Friday, January 26, 2007

Fiction's Properties

from Zadie Smith in "Fail Better," The Guardian, Saturday, January 13, 2007 (an article about the writing of ideal novels):

[...]Writers have only one duty, as I see it: the duty to express accurately their way of being in the world. [...]Fictional truth is a question of perspective, not autobiography. It is what you can't help tell if you write well; it is the watermark of self that runs through everything you do. It is language as the revelation of a consciousness.[...]

[...]Bad writing does nothing, changes nothing, educates no emotions, rewires no inner circuitry—we close its covers with the same metaphysical confidence in the universality of our own interface as we did when we opened it.[...]

from Mary Gordon in "Bad Behavior," a talk originally presented at a 20th-Century Masters Tribute to Flannery O'Connor, sponsored by the PEN American Center and Lincoln Center:

Prose fiction was born Protestant. It is a child of the Enlightenment, and though it has some exotic forebears—romance most nearly, drama and poetry further back—it could only have seen the light of day because of its parent, journalism. [...]

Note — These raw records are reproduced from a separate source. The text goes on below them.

(* Let $f$ be a binary NAM on $n$ features, $x\in\mathbb{R}^n$, $\epsilon>0$. Suppose real numbers $\ell_k\le u_k$ ($k\in[n]$) satisfy $\ell_k\le\Delta_k\le u_k$ for every $k$. Let $S\subseteq[n]$ be a sufficient explanation for $(f,x,\epsilon)$, let $i\in S$ and $j\notin S$, and suppose $u_i\le \ell_j$ (in particular, this holds whenever the intervals $[\ell_k,u_k]$ are pairwise non-overlapping and $i$ precedes $j$ in the ascending order of these intervals). Then $(S\setminus\{i\})\cup\{j\}$ is also a sufficient explanation for $(f,x,\epsilon)$.
   Context: A binary neural additive model (NAM) on $n$ features is a map $f:\mathbb{R}^n\to\{0,1\}$, $f(z)=\mathrm{step}\big(\beta_0+\sum_{k=1}^n f_k(z_k)\big)$, where $\beta_0\in\mathbb{R}$, each $f_k:\mathbb{R}\to\mathbb{R}$ is continuous (in the paper, a univariate ReLU neural network), and $\mathrm{step}(t)=1$ if $t\ge 0$ and $\mathrm{step}(t)=0$ otherwise. Fix $x\in\mathbb{R}^n$ and $\epsilon>0$ and let $B=\{\tilde x\in\mathbb{R}^n : |\tilde x_k-x_k|\le\epsilon \text{ for all } k\}$. For $S\subseteq[n]=\{1,\dots,n\}$ and $\tilde x\in\mathbb{R}^n$, $(x_S;\tilde x_{\bar S})$ denotes the vector agreeing with $x$ on the coordinates in $S$ and with $\tilde x$ on $\bar S=[n]\setminus S$. A set $S$ is a sufficient explanation for $(f,x,\epsilon)$ if $f(x_S;\tilde x_{\bar S})=f(x)$ for all $\tilde x\in B$. The importance of feature $k$ is $\Delta_k=f_k(x_k)-\min_{|t-x_k|\le\epsilon}f_k(t)$ if $f(x)=1$, and $\Delta_k=\max_{|t-x_k|\le\epsilon}f_k(t)-f_k(x_k)$ if $f(x)=0$. *)

theory Defs
  imports "HOL-Analysis.Analysis"
begin

text \<open>Features are indexed by [n] = {1..n}; vectors in R^n are represented as
  functions nat => real of which only the coordinates 1..n matter.\<close>

definition step :: "real \<Rightarrow> nat" where
  "step t = (if t \<ge> 0 then 1 else 0)"

definition nam :: "nat \<Rightarrow> real \<Rightarrow> (nat \<Rightarrow> real \<Rightarrow> real) \<Rightarrow> (nat \<Rightarrow> real) \<Rightarrow> nat" where
  "nam n b0 fs z = step (b0 + (\<Sum>k=1..n. fs k (z k)))"

definition box :: "nat \<Rightarrow> (nat \<Rightarrow> real) \<Rightarrow> real \<Rightarrow> (nat \<Rightarrow> real) set" where
  "box n x eps = {xt. \<forall>k\<in>{1..n}. \<bar>xt k - x k\<bar> \<le> eps}"

definition combine :: "nat set \<Rightarrow> (nat \<Rightarrow> real) \<Rightarrow> (nat \<Rightarrow> real) \<Rightarrow> (nat \<Rightarrow> real)" where
  "combine S x xt = (\<lambda>k. if k \<in> S then x k else xt k)"

definition sufficient_expl ::
  "nat \<Rightarrow> real \<Rightarrow> (nat \<Rightarrow> real \<Rightarrow> real) \<Rightarrow> (nat \<Rightarrow> real) \<Rightarrow> real \<Rightarrow> nat set \<Rightarrow> bool" where
  "sufficient_expl n b0 fs x eps S \<longleftrightarrow> S \<subseteq> {1..n} \<and>
     (\<forall>xt\<in>box n x eps. nam n b0 fs (combine S x xt) = nam n b0 fs x)"

text \<open>Importance Delta_k; min/max over the compact interval are attained by continuity,
  so Inf/Sup of the image coincide with min/max.\<close>
definition importance ::
  "nat \<Rightarrow> real \<Rightarrow> (nat \<Rightarrow> real \<Rightarrow> real) \<Rightarrow> (nat \<Rightarrow> real) \<Rightarrow> real \<Rightarrow> nat \<Rightarrow> real" where
  "importance n b0 fs x eps k =
     (if nam n b0 fs x = 1
      then fs k (x k) - Inf (fs k ` {x k - eps .. x k + eps})
      else Sup (fs k ` {x k - eps .. x k + eps}) - fs k (x k))"

end

theory Submission
  imports Defs
begin

text \<open>Let \<open>\<sigma> = 1\<close> if \<open>f(x) = 1\<close> and \<open>\<sigma> = -1\<close> otherwise. Then \<open>\<Delta>\<^sub>k\<close> is the largest amount
  \<open>\<sigma>(f\<^sub>k(x\<^sub>k) - f\<^sub>k(t))\<close> by which feature \<open>k\<close> can move the logit against the decision
  within the box, and it is attained by continuity. Given \<open>x'\<close> in the box, compare the input
  that fixes \<open>S - {i} \<union> {j}\<close> with the input that fixes \<open>S\<close> but moves feature \<open>j\<close> to its worst
  point: relative to the latter, the former loses at most \<open>\<Delta>\<^sub>i\<close> at feature \<open>i\<close> and regains
  exactly \<open>\<Delta>\<^sub>j\<close> at feature \<open>j\<close>. As \<open>\<Delta>\<^sub>i \<le> \<Delta>\<^sub>j\<close>, its logit is at least as far on the side of
  the decision \<open>f(x)\<close>, which sufficiency of \<open>S\<close> guarantees for the latter.\<close>

definition polarity :: "nat \<Rightarrow> real \<Rightarrow> (nat \<Rightarrow> real \<Rightarrow> real) \<Rightarrow> (nat \<Rightarrow> real) \<Rightarrow> real" where
  "polarity n b0 fs x = (if nam n b0 fs x = 1 then 1 else -1)"

lemma nam_eq_1_iff: "nam n b0 fs z = 1 \<longleftrightarrow> 0 \<le> b0 + (\<Sum>k=1..n. fs k (z k))"
  unfolding nam_def step_def by simp

lemma nam_eq_if_logit_toward_polarity:
  assumes "nam n b0 fs w = nam n b0 fs x"
    and "0 \<le> polarity n b0 fs x * ((\<Sum>k=1..n. fs k (v k)) - (\<Sum>k=1..n. fs k (w k)))"
  shows "nam n b0 fs v = nam n b0 fs x"
proof (cases "nam n b0 fs x = 1")
  case True
  then have "(\<Sum>k=1..n. fs k (w k)) \<le> (\<Sum>k=1..n. fs k (v k))"
    using assms(2) unfolding polarity_def by simp
  moreover have "nam n b0 fs w = 1"
    using True assms(1) by simp
  ultimately have "nam n b0 fs v = 1"
    unfolding nam_eq_1_iff by linarith
  with True show ?thesis
    by simp
next
  case False
  then have "(\<Sum>k=1..n. fs k (v k)) \<le> (\<Sum>k=1..n. fs k (w k))"
    using assms(2) unfolding polarity_def by simp
  moreover have "nam n b0 fs w \<noteq> 1"
    using False assms(1) by simp
  ultimately have "nam n b0 fs v \<noteq> 1"
    unfolding nam_eq_1_iff by linarith
  then show ?thesis
    using False unfolding nam_def step_def by (simp split: if_splits)
qed

lemma importance_bounds_deviation:
  assumes "continuous_on UNIV (fs k)" and "eps \<ge> 0"
  shows "\<And>t. t \<in> {x k - eps .. x k + eps} \<Longrightarrow>
           polarity n b0 fs x * (fs k (x k) - fs k t) \<le> importance n b0 fs x eps k"
    and "\<exists>t\<in>{x k - eps .. x k + eps}.
           polarity n b0 fs x * (fs k (x k) - fs k t) = importance n b0 fs x eps k"
proof -
  let ?I = "{x k - eps .. x k + eps}"
  obtain c d where image: "fs k ` ?I = {c..d}" and "c \<le> d"
    using continuous_image_closed_interval[of "x k - eps" "x k + eps" "fs k"] assms
      continuous_on_subset by fastforce
  then have Inf: "Inf (fs k ` ?I) = c" and Sup: "Sup (fs k ` ?I) = d"
    by simp_all
  have range: "fs k t \<in> {c..d}" if "t \<in> ?I" for t
    using image that by blast
  show "polarity n b0 fs x * (fs k (x k) - fs k t) \<le> importance n b0 fs x eps k"
    if "t \<in> ?I" for t
    using range[OF that] unfolding importance_def polarity_def Inf Sup by auto
  have "c \<in> fs k ` ?I" and "d \<in> fs k ` ?I"
    using image \<open>c \<le> d\<close> by auto
  then obtain tc td where tc: "tc \<in> ?I" "fs k tc = c" and td: "td \<in> ?I" "fs k td = d"
    by blast
  show "\<exists>t\<in>?I. polarity n b0 fs x * (fs k (x k) - fs k t) = importance n b0 fs x eps k"
  proof (cases "nam n b0 fs x = 1")
    case True
    then show ?thesis
      using tc unfolding importance_def polarity_def Inf Sup by (intro bexI[of _ tc]) simp_all
  next
    case False
    then show ?thesis
      using td unfolding importance_def polarity_def Inf Sup by (intro bexI[of _ td]) simp_all
  qed
qed

lemma box_coordinate:
  "xt \<in> box n x eps \<Longrightarrow> k \<in> {1..n} \<Longrightarrow> xt k \<in> {x k - eps .. x k + eps}"
  unfolding box_def by (auto simp: abs_le_iff dest!: bspec[where x = k])

lemma box_fun_upd:
  "xt \<in> box n x eps \<Longrightarrow> t \<in> {x j - eps .. x j + eps} \<Longrightarrow> xt(j := t) \<in> box n x eps"
  unfolding box_def by (auto simp: abs_le_iff)

lemma sum_eq_off_two_points:
  fixes g h :: "'a \<Rightarrow> 'b::ab_group_add"
  assumes "finite A" "i \<in> A" "j \<in> A" "i \<noteq> j"
    and "\<And>k. k \<in> A \<Longrightarrow> k \<noteq> i \<Longrightarrow> k \<noteq> j \<Longrightarrow> g k = h k"
  shows "sum g A = sum h A + (g i - h i) + (g j - h j)"
proof -
  have "sum g A - sum h A = (\<Sum>k\<in>A. g k - h k)"
    by (simp add: sum_subtractf)
  also have "\<dots> = (\<Sum>k\<in>{i, j}. g k - h k)"
    using assms by (intro sum.mono_neutral_right) auto
  also have "\<dots> = (g i - h i) + (g j - h j)"
    using \<open>i \<noteq> j\<close> by simp
  finally show ?thesis
    by (simp add: algebra_simps)
qed

lemma sum_combine_swap:
  fixes g :: "nat \<Rightarrow> real \<Rightarrow> 'a::ab_group_add"
  assumes "i \<in> S" "j \<notin> S" "i \<in> {1..n}" "j \<in> {1..n}"
  shows "(\<Sum>k=1..n. g k (combine (insert j (S - {i})) x xt k))
       = (\<Sum>k=1..n. g k (combine S x (xt(j := t)) k))
         + (g i (xt i) - g i (x i)) + (g j (x j) - g j t)"
proof -
  let ?S' = "insert j (S - {i})" and ?z = "xt(j := t)"
  have "i \<noteq> j"
    using assms by blast
  then have coordinates: "combine ?S' x xt i = xt i" "combine S x ?z i = x i"
    "combine ?S' x xt j = x j" "combine S x ?z j = t"
    using assms by (auto simp: combine_def)
  have "(\<Sum>k=1..n. g k (combine ?S' x xt k)) = (\<Sum>k=1..n. g k (combine S x ?z k))
      + (g i (combine ?S' x xt i) - g i (combine S x ?z i))
      + (g j (combine ?S' x xt j) - g j (combine S x ?z j))"
    using assms \<open>i \<noteq> j\<close> by (intro sum_eq_off_two_points) (auto simp: combine_def)
  then show ?thesis
    unfolding coordinates .
qed

lemma sufficient_expl_swap:
  assumes cont_i: "continuous_on UNIV (fs i)" and cont_j: "continuous_on UNIV (fs j)"
    and "eps \<ge> 0"
    and suff: "sufficient_expl n b0 fs x eps S"
    and iS: "i \<in> S" and jS: "j \<in> {1..n} - S"
    and importance_le: "importance n b0 fs x eps i \<le> importance n b0 fs x eps j"
  shows "sufficient_expl n b0 fs x eps (insert j (S - {i}))"
  unfolding sufficient_expl_def
proof (intro conjI ballI)
  have S: "S \<subseteq> {1..n}"
    and S_fixes: "\<And>z. z \<in> box n x eps \<Longrightarrow> nam n b0 fs (combine S x z) = nam n b0 fs x"
    using suff unfolding sufficient_expl_def by auto
  then have i: "i \<in> {1..n}" and j: "j \<in> {1..n}" "j \<notin> S"
    using iS jS by auto
  then show "insert j (S - {i}) \<subseteq> {1..n}"
    using S by auto
  fix xt assume xt: "xt \<in> box n x eps"
  let ?\<sigma> = "polarity n b0 fs x" and ?\<Delta> = "importance n b0 fs x eps"
  obtain t where t: "t \<in> {x j - eps .. x j + eps}"
    and gain_j: "?\<sigma> * (fs j (x j) - fs j t) = ?\<Delta> j"
    using importance_bounds_deviation(2)[where fs = fs and k = j, OF cont_j \<open>eps \<ge> 0\<close>] by blast
  have loss_i: "?\<sigma> * (fs i (x i) - fs i (xt i)) \<le> ?\<Delta> i"
    using importance_bounds_deviation(1)[where fs = fs and k = i, OF cont_i \<open>eps \<ge> 0\<close>] box_coordinate[OF xt i] .
  have "?\<sigma> * ((\<Sum>k=1..n. fs k (combine (insert j (S - {i})) x xt k))
                - (\<Sum>k=1..n. fs k (combine S x (xt(j := t)) k)))
      = ?\<sigma> * (fs j (x j) - fs j t) - ?\<sigma> * (fs i (x i) - fs i (xt i))"
    unfolding sum_combine_swap[OF iS j(2) i j(1), where g = fs and x = x and xt = xt and t = t]
    by (simp add: algebra_simps)
  also have "\<dots> \<ge> 0"
    using gain_j loss_i importance_le by linarith
  finally have "0 \<le> ?\<sigma> * ((\<Sum>k=1..n. fs k (combine (insert j (S - {i})) x xt k))
                             - (\<Sum>k=1..n. fs k (combine S x (xt(j := t)) k)))" .
  with S_fixes[OF box_fun_upd[OF xt t]]
  show "nam n b0 fs (combine (insert j (S - {i})) x xt) = nam n b0 fs x"
    by (rule nam_eq_if_logit_toward_polarity)
qed

theorem proposition1:
  fixes n :: nat and b0 :: real and fs :: "nat \<Rightarrow> real \<Rightarrow> real"
    and x :: "nat \<Rightarrow> real" and eps :: real and l u :: "nat \<Rightarrow> real"
    and S :: "nat set" and i j :: nat
  assumes cont: "\<And>k. k \<in> {1..n} \<Longrightarrow> continuous_on UNIV (fs k)"
    and eps_pos: "eps > 0"
    and lu: "\<And>k. k \<in> {1..n} \<Longrightarrow> l k \<le> u k"
    and lower: "\<And>k. k \<in> {1..n} \<Longrightarrow> l k \<le> importance n b0 fs x eps k"
    and upper: "\<And>k. k \<in> {1..n} \<Longrightarrow> importance n b0 fs x eps k \<le> u k"
    and suff: "sufficient_expl n b0 fs x eps S"
    and iS: "i \<in> S"
    and jS: "j \<in> {1..n} - S"
    and uil: "u i \<le> l j"
  shows "sufficient_expl n b0 fs x eps (insert j (S - {i}))"
proof (rule sufficient_expl_swap[OF cont cont])
  have "S \<subseteq> {1..n}"
    using suff unfolding sufficient_expl_def by blast
  then show "i \<in> {1..n}" and "j \<in> {1..n}"
    using iS jS by auto
  \<comment> \<open>The bounds enter only through \<open>\<Delta>\<^sub>i \<le> u\<^sub>i \<le> l\<^sub>j \<le> \<Delta>\<^sub>j\<close>.\<close>
  then show "importance n b0 fs x eps i \<le> importance n b0 fs x eps j"
    using upper lower uil by (meson order_trans)
qed (use eps_pos suff iS jS in auto)

end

[...]I dreamed that Flannery O’Connor and I were speaking together on a panel. Her hair was perfectly coifed; she was wearing a perfectly tailored suit, and a perfectly crisp white blouse, and perfectly shined penny loafers. My hair was filthy, my slip was showing, my stockings were ripped. In the dream she said to me, 'Your problem is that you don’t believe in perfection.' And I said to her, because it was my dream, 'I do believe in perfection, but you think perfection is flawlessness, and I think it’s completeness.'[...]

from the Christopher Isherwood Diaries (July, 1940):

Prayer for writers: 'Oh source of my inspiration, teach me to extend toward all living that fascinated, unsentimental, loving and all-pardoning interest which I feel for the characters I create. May I become identified with all humanity, as I identify myself with these imaginary persons. May my life become my art and my art my life.'

from Alibris:

On William Mills Todd III's The Familiar Letter as a Literary Genre in the Age of Pushkin (Princeton University Press, 1976):

In the field of Russian literary studies, there is surprisingly little comprehensive, high-quality discussion of independent genres and their effect on the creativity of an era. This important text on the quasi-public "friendly letter" of nineteenth-century Russia addresses this deficiency. In The Familiar Letter as a Literary Genre in the Age of Pushkin, Todd examines the tradition of familiar letter writing that developed in the early 1800s among the Arzamasians -- a literary circle that included such luminaries as Pushkin, Karamzin, and Turgenev -- and argues that these letters constitute a distinct literary genre. Such letter writing is not original with the Russian Romantics, but the fact that Russia of the 1820s and 1830s developed this genre so powerfully among its finest writers, and integrated French and German prototypes with such skill, makes their practice exemplary. Todd gives a thorough prehistory of the convention of "correspondence," both salon and scientific, in the eighteenth century, with marvelous citations. He then concentrates on the themes, strategies, and autobiographical functions of the letter for several master writers in Pushkin's time. By considering the writers' peculiar working out of semiprivate personae fashioned in public view, one can better understand certain later first-person works like Dostoevsky's Poor Folk and Notes from the Underground, Tolstoy's Confession, and works of Chekhov. This book's scholarship demonstrates that the real literary life and the genuine advance of literary thought in Russia occurred not in journalistic criticism but rather in this correspondence.